Dataset entries:
BEGIN

(* In an $a^2bc$-tiling, every vertex of degree $3$ is one of $\alpha^3$, $\alpha\beta^2$, $\alpha\gamma^2$, $\beta\gamma\delta$.
   Context: An $a^2bc$-quadrilateral is a simple spherical quadrilateral with edges $a,a,b,c$ in cyclic order, $a,b,c$ pairwise distinct; $\alpha$ = angle between the two $a$-edges; $\beta$ = angle between an $a$-edge and the $b$-edge; $\delta$ = angle between the $b$-edge and the $c$-edge; $\gamma$ = angle between the $c$-edge and an $a$-edge. An $a^2bc$-tiling is an edge-to-edge tiling of the sphere by congruent copies of such a quadrilateral with all vertices of degree $\ge3$. A vertex $\alpha^k\beta^l\gamma^m\delta^n$ has exactly $k$ copies of $\alpha$, etc. *)

theory Defs
  imports "HOL-Analysis.Analysis"
begin

type_synonym pt = "real^3"

definition sdist :: "pt \<Rightarrow> pt \<Rightarrow> real" where
  "sdist p q = arccos (p \<bullet> q)"

text \<open>Minor great-circle arc from p to q (p, q unit, distinct, not antipodal).\<close>
definition sarc :: "pt \<Rightarrow> pt \<Rightarrow> pt set" where
  "sarc p q = (\<lambda>t. sgn ((1 - t) *\<^sub>R p + t *\<^sub>R q)) ` {0..1}"

definition nxt :: "nat \<Rightarrow> nat" where
  "nxt k = Suc k mod 4"

definition qedge :: "(nat \<Rightarrow> pt) \<Rightarrow> nat \<Rightarrow> pt set" where
  "qedge V k = sarc (V k) (V (nxt k))"
lemma prod_minimal_imp_indep:
  assumes "minimal_clone ar (C \<times> D) (prod_ops opsC opsD) (prod_e eC eD)"
  shows "indep_varieties ar (Id_of ar C opsC) (Id_of ar D opsD)"
proof -
  have "(eC 1, eD 2) \<in> C \<times> D"
    using C.e_closed D.e_closed by simp
  then have "(eC 1, eD 2) \<in> gen_e ar (prod_ops opsC opsD) (prod_e eC eD)"
    using assms by (metis minimal_clone_def)
  then obtain t where t: "wf_trm ar t"
    "(eC 1, eD 2) = eval_trm (prod_ops opsC opsD) (\<lambda>i. prod_e eC eD (Suc i)) t"
    unfolding gen_e_iff_term_value by blast
  then have tC: "eval_trm opsC (\<lambda>i. eC (Suc i)) t = eC 1"
    and tD: "eval_trm opsD (\<lambda>i. eD (Suc i)) t = eD 2"
    by (simp_all add: eval_trm_prod_ops prod_e_def comp_def)
  define t' where "t' = subst2 t (Var 0) (Var 1)"
  have t': "wf_trm ar t'" "vars_trm t' \<subseteq> {0, 1}"
    using t(1) vars_subst2[of t "Var 0" "Var 1"] unfolding t'_def by (auto intro: wf_subst2)
  have "(t', Var 0) \<in> Id_of ar C opsC"
    using C.eval_trm_eq_proj[OF t(1) tC] t'(1) by (intro Id_ofI) (auto simp: t'_def eval_subst2)
  moreover have "(t', Var 1) \<in> Id_of ar D opsD"
    using D.eval_trm_eq_proj[OF t(1) tD] t'(1) by (intro Id_ofI) (auto simp: t'_def eval_subst2)
  ultimately show ?thesis
    unfolding indep_varieties_def using t' by blast
qed

end

locale minimal_clone_pair = clone_algebra_pair +
  assumes minimal_C: "minimal_clone ar C opsC eC" and minimal_D: "minimal_clone ar D opsD eD"
begin

lemma indep_imp_prod_minimal:
  assumes "indep_varieties ar (Id_of ar C opsC) (Id_of ar D opsD)"
  shows "minimal_clone ar (C \<times> D) (prod_ops opsC opsD) (prod_e eC eD)"
proof -
  obtain t where t: "wf_trm ar t"
    and tC: "(t, Var 0) \<in> Id_of ar C opsC" and tD: "(t, Var 1) \<in> Id_of ar D opsD"
    using assms unfolding indep_varieties_def by blast
  have "(c, d) \<in> gen_e ar (prod_ops opsC opsD) (prod_e eC eD)" if "c \<in> C" "d \<in> D" for c d
  proof -
    have "c \<in> gen_e ar opsC eC" "d \<in> gen_e ar opsD eD"
      using that minimal_C minimal_D unfolding minimal_clone_def by simp_all
    then obtain s1 s2 where s: "wf_trm ar s1" "c = eval_trm opsC (\<lambda>i. eC (Suc i)) s1"
      "wf_trm ar s2" "d = eval_trm opsD (\<lambda>i. eD (Suc i)) s2"
      unfolding gen_e_iff_term_value by blast
    define u where "u = subst2 t s1 s2"
    have "eval_trm opsC (\<lambda>i. eC (Suc i)) u = c"
      using Id_ofD[OF tC] eval_trm_closed[OF C.is_alg s(3)] C.e_closed s(2) \<open>c \<in> C\<close>
      by (simp add: u_def eval_subst2)
    moreover have "eval_trm opsD (\<lambda>i. eD (Suc i)) u = d"
      using Id_ofD[OF tD] eval_trm_closed[OF D.is_alg s(1)] D.e_closed s(4) \<open>d \<in> D\<close>
      by (simp add: u_def eval_subst2)
    ultimately have "(c, d) = eval_trm (prod_ops opsC opsD) (\<lambda>i. prod_e eC eD (Suc i)) u"
      by (simp add: eval_trm_prod_ops prod_e_def comp_def)
    moreover have "wf_trm ar u"
      using t s by (simp add: u_def wf_subst2)
    ultimately show ?thesis
      unfolding gen_e_iff_term_value by blast
  qed
  then show ?thesis
    unfolding minimal_clone_def using CD.gen_e_subset by blast
qed

lemma prod_minimal_iff_Clo_eq_repr_ops:
  "minimal_clone ar (C \<times> D) (prod_ops opsC opsD) (prod_e eC eD) \<longleftrightarrow>
   Clo ar (C \<times> D) (prod_ops opsC opsD) = repr_ops (C \<times> D) (prod_q qC qD) (prod_e eC eD)"
proof
  assume "minimal_clone ar (C \<times> D) (prod_ops opsC opsD) (prod_e eC eD)"
  then show "Clo ar (C \<times> D) (prod_ops opsC opsD) = repr_ops (C \<times> D) (prod_q qC qD) (prod_e eC eD)"
    by (rule CD.Clo_eq_repr_ops_if_minimal)
next
  assume eq: "Clo ar (C \<times> D) (prod_ops opsC opsD) = repr_ops (C \<times> D) (prod_q qC qD) (prod_e eC eD)"
  show "minimal_clone ar (C \<times> D) (prod_ops opsC opsD) (prod_e eC eD)"
  proof (rule CD.minimal_if_Clo_eq_repr_ops[OF _ eq])
    fix x assume "x \<in> C \<times> D"
    then obtain c d where x: "x = (c, d)" and "c \<in> gen_e ar opsC eC" "d \<in> gen_e ar opsD eD"
      using minimal_C minimal_D unfolding minimal_clone_def by auto
    then obtain kc kd where "dim_le qC eC c kc" "dim_le qD eD d kd"
      by (metis C.gen_e_finite_dim D.gen_e_finite_dim)
    then have "dim_le (prod_q qC qD) (prod_e eC eD) x (max kc kd)"
      unfolding x by (intro dim_le_prod) (auto elim: dim_le_mono)
    then show "\<exists>k. dim_le (prod_q qC qD) (prod_e eC eD) x k" ..
  qed
qed

end

section \<open>Decomposition terms and products of varieties\<close>

lemma sat_id_prod:
  "sat_id A1 ops1 st \<Longrightarrow> sat_id A2 ops2 st \<Longrightarrow> sat_id (A1 \<times> A2) (prod_ops ops1 ops2) st"
  unfolding sat_id_def eval_trm_prod_ops by (auto simp: mem_Times_iff)
lemma enc_in_L_iff: "(enc s, enc t) \<in> L \<longleftrightarrow> kleene_brouwer (olt r) s t"
proof -
  have "inj (map_prod enc enc)" using inj_enc by (simp add: prod.inj_map)
  moreover have "(enc s, enc t) = map_prod enc enc (s, t)" by simp
  ultimately show ?thesis unfolding L_def by (simp only: inj_image_mem_iff) simp
qed

lemma in_L_E:
  assumes "(x, y) \<in> L"
  obtains s t where "x = enc s" "y = enc t" "kleene_brouwer (olt r) s t"
  using assms unfolding L_def by blast

lemma enc_inv_enc: "x \<in> I \<Longrightarrow> enc (inv enc x) = x"
  unfolding I_def by (simp add: f_inv_into_f)

lemma L_subset: "L \<subseteq> I \<times> I"
  unfolding L_def I_def by auto

lemma strict_linear_order_on_L: "strict_linear_order_on I L"
  unfolding strict_linear_order_on_def
proof (intro conjI)
  show "trans L"
  proof (rule transI)
    fix x y z assume xy: "(x, y) \<in> L" and yz: "(y, z) \<in> L"
    obtain s t where "x = enc s" "y = enc t" "kleene_brouwer (olt r) s t" using xy by (rule in_L_E)
    moreover obtain t' u where "y = enc t'" "z = enc u" "kleene_brouwer (olt r) t' u"
      using yz by (rule in_L_E)
    moreover have "t' = t" using calculation by (simp add: inj_eq[OF inj_enc])
    ultimately show "(x, z) \<in> L" using enc_in_L_iff kb_trans by blast
  qed
  show "irrefl L"
  proof (rule irreflI)
    fix x show "(x, x) \<notin> L"
    proof
      assume "(x, x) \<in> L"
      then obtain s t where "x = enc s" "x = enc t" "kleene_brouwer (olt r) s t" by (rule in_L_E)
      moreover have "s = t" using calculation by (simp add: inj_eq[OF inj_enc])
      ultimately show False using kb_irrefl by simp
    qed
  qed
  show "total_on I L" unfolding total_on_def I_def
  proof (intro ballI impI)
    fix x y assume "x \<in> range enc" "y \<in> range enc" "x \<noteq> y"
    then obtain s t where "x = enc s" "y = enc t" "s \<noteq> t" by blast
    then show "(x, y) \<in> L \<or> (y, x) \<in> L" using enc_in_L_iff kb_total by simp
  qed
qed
lemma card_forbidden_pair_free_le:
  fixes L H :: "nat set" and F :: "nat set set"
  assumes "finite L" and "finite H" and below: "\<forall>a\<in>L. \<forall>b\<in>H. a < b"
    and F: "F \<subseteq> Pow (L \<union> H)" and free: "\<forall>A\<in>F. \<forall>B\<in>F. \<not> forbidden_pair A B"
  shows "card F \<le> 2 * (card H choose (card H div 2)) * 2 ^ card L
                  + (card L choose (card L div 2)) * 2 ^ card H"
proof -
  obtain CL where CL: "symmetric_chain_decomposition L CL"
    using symmetric_chain_decomposition_exists[OF \<open>finite L\<close>] by blast
  obtain CH where CH: "symmetric_chain_decomposition H CH"
    using symmetric_chain_decomposition_exists[OF \<open>finite H\<close>] by blast
  have "finite CL" "finite CH" and chain_L: "\<And>c. c \<in> CL \<Longrightarrow> symmetric_chain L c"
    and chain_H: "\<And>d. d \<in> CH \<Longrightarrow> symmetric_chain H d"
    using CL CH unfolding symmetric_chain_decomposition_def by simp_all
  define g where "g A = (case (inv_into (chain_positions CL) chain_entry (A \<inter> L),
    inv_into (chain_positions CH) chain_entry (A \<inter> H)) of ((c, i), (d, j)) \<Rightarrow> ((c, d), 2 * i + j))"
    for A
  define T where "T = (SIGMA p:CL \<times> CH. {..<2 * length (fst p) + length (snd p)})"
  have position: "\<exists>c i d j. c \<in> CL \<and> i < length c \<and> d \<in> CH \<and> j < length d
      \<and> A = c ! i \<union> d ! j \<and> g A = ((c, d), 2 * i + j)" if "A \<in> F" for A
  proof -
    obtain c i d j where "inv_into (chain_positions CL) chain_entry (A \<inter> L) = (c, i)"
      and "inv_into (chain_positions CH) chain_entry (A \<inter> H) = (d, j)"
      by (meson prod.exhaust)
    moreover have "A = (A \<inter> L) \<union> (A \<inter> H)"
      using F that by blast
    ultimately show ?thesis
      using symmetric_chain_decomposition_inv_into[OF CL, of "A \<inter> L"]
        symmetric_chain_decomposition_inv_into[OF CH, of "A \<inter> H"]
      unfolding g_def by (intro exI) auto
  qed
  have "g ` F \<subseteq> T"
    using position unfolding T_def by fastforce
  moreover have "inj_on g F"
  proof (rule inj_onI)
    fix A B
    assume "A \<in> F" "B \<in> F" and "g A = g B"
    obtain c i d j where "c \<in> CL" "i < length c" "d \<in> CH" "j < length d"
      and A: "A = c ! i \<union> d ! j" and gA: "g A = ((c, d), 2 * i + j)"
      using position[OF \<open>A \<in> F\<close>] by blast
    obtain c' i' d' j' where "c' \<in> CL" "i' < length c'" "d' \<in> CH" "j' < length d'"
      and B: "B = c' ! i' \<union> d' ! j'" and gB: "g B = ((c', d'), 2 * i' + j')"
      using position[OF \<open>B \<in> F\<close>] by blast
    have "c' = c" "d' = d" "2 * i + j = 2 * i' + j'"
      using \<open>g A = g B\<close> gA gB by simp_all
    then show "A = B"
      unfolding A B using forbidden_pair_free_chain_union_eq[OF chain_L chain_H below]
        \<open>c \<in> CL\<close> \<open>d \<in> CH\<close> \<open>i < length c\<close> \<open>i' < length c'\<close> \<open>j < length d\<close> \<open>j' < length d'\<close>
        free \<open>A \<in> F\<close> \<open>B \<in> F\<close> A B by simp
  qed
  moreover have "finite T"
    unfolding T_def using \<open>finite CL\<close> \<open>finite CH\<close> by auto
  ultimately have "card F \<le> card T"
    by (intro card_inj_on_le)
  also have "card T = (\<Sum>c\<in>CL. \<Sum>d\<in>CH. 2 * length c + length d)"
    unfolding T_def using \<open>finite CL\<close> \<open>finite CH\<close> by (simp add: sum.cartesian_product case_prod_beta)
  also have "\<dots> = 2 * card CH * (\<Sum>c\<in>CL. length c) + card CL * (\<Sum>d\<in>CH. length d)"
    by (simp add: sum.distrib sum_distrib_left sum_distrib_right mult_ac)
  also have "\<dots> \<le> 2 * (card H choose (card H div 2)) * 2 ^ card L + (card L choose (card L div 2)) * 2 ^ card H"
    using card_symmetric_chain_decomposition_le[OF CL \<open>finite L\<close>] card_symmetric_chain_decomposition_le[OF CH \<open>finite H\<close>]
      sum_length_symmetric_chain_decomposition[OF CL \<open>finite L\<close>] sum_length_symmetric_chain_decomposition[OF CH \<open>finite H\<close>]
    by (intro add_mono mult_le_mono) auto
  finally show ?thesis .
qed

END

Starting with the line above that holds "by (rule CD.Clo_eq_repr_ops_if_minimal)" and stopping with the line that holds "(simp add: prod.inj_map)", reproduce each line exactly, omitting all other lines.

Written reply —
    by (rule CD.Clo_eq_repr_ops_if_minimal)
next
  assume eq: "Clo ar (C \<times> D) (prod_ops opsC opsD) = repr_ops (C \<times> D) (prod_q qC qD) (prod_e eC eD)"
  show "minimal_clone ar (C \<times> D) (prod_ops opsC opsD) (prod_e eC eD)"
  proof (rule CD.minimal_if_Clo_eq_repr_ops[OF _ eq])
    fix x assume "x \<in> C \<times> D"
    then obtain c d where x: "x = (c, d)" and "c \<in> gen_e ar opsC eC" "d \<in> gen_e ar opsD eD"
      using minimal_C minimal_D unfolding minimal_clone_def by auto
    then obtain kc kd where "dim_le qC eC c kc" "dim_le qD eD d kd"
      by (metis C.gen_e_finite_dim D.gen_e_finite_dim)
    then have "dim_le (prod_q qC qD) (prod_e eC eD) x (max kc kd)"
      unfolding x by (intro dim_le_prod) (auto elim: dim_le_mono)
    then show "\<exists>k. dim_le (prod_q qC qD) (prod_e eC eD) x k" ..
  qed
qed

end

section \<open>Decomposition terms and products of varieties\<close>

lemma sat_id_prod:
  "sat_id A1 ops1 st \<Longrightarrow> sat_id A2 ops2 st \<Longrightarrow> sat_id (A1 \<times> A2) (prod_ops ops1 ops2) st"
  unfolding sat_id_def eval_trm_prod_ops by (auto simp: mem_Times_iff)
lemma enc_in_L_iff: "(enc s, enc t) \<in> L \<longleftrightarrow> kleene_brouwer (olt r) s t"
proof -
  have "inj (map_prod enc enc)" using inj_enc by (simp add: prod.inj_map)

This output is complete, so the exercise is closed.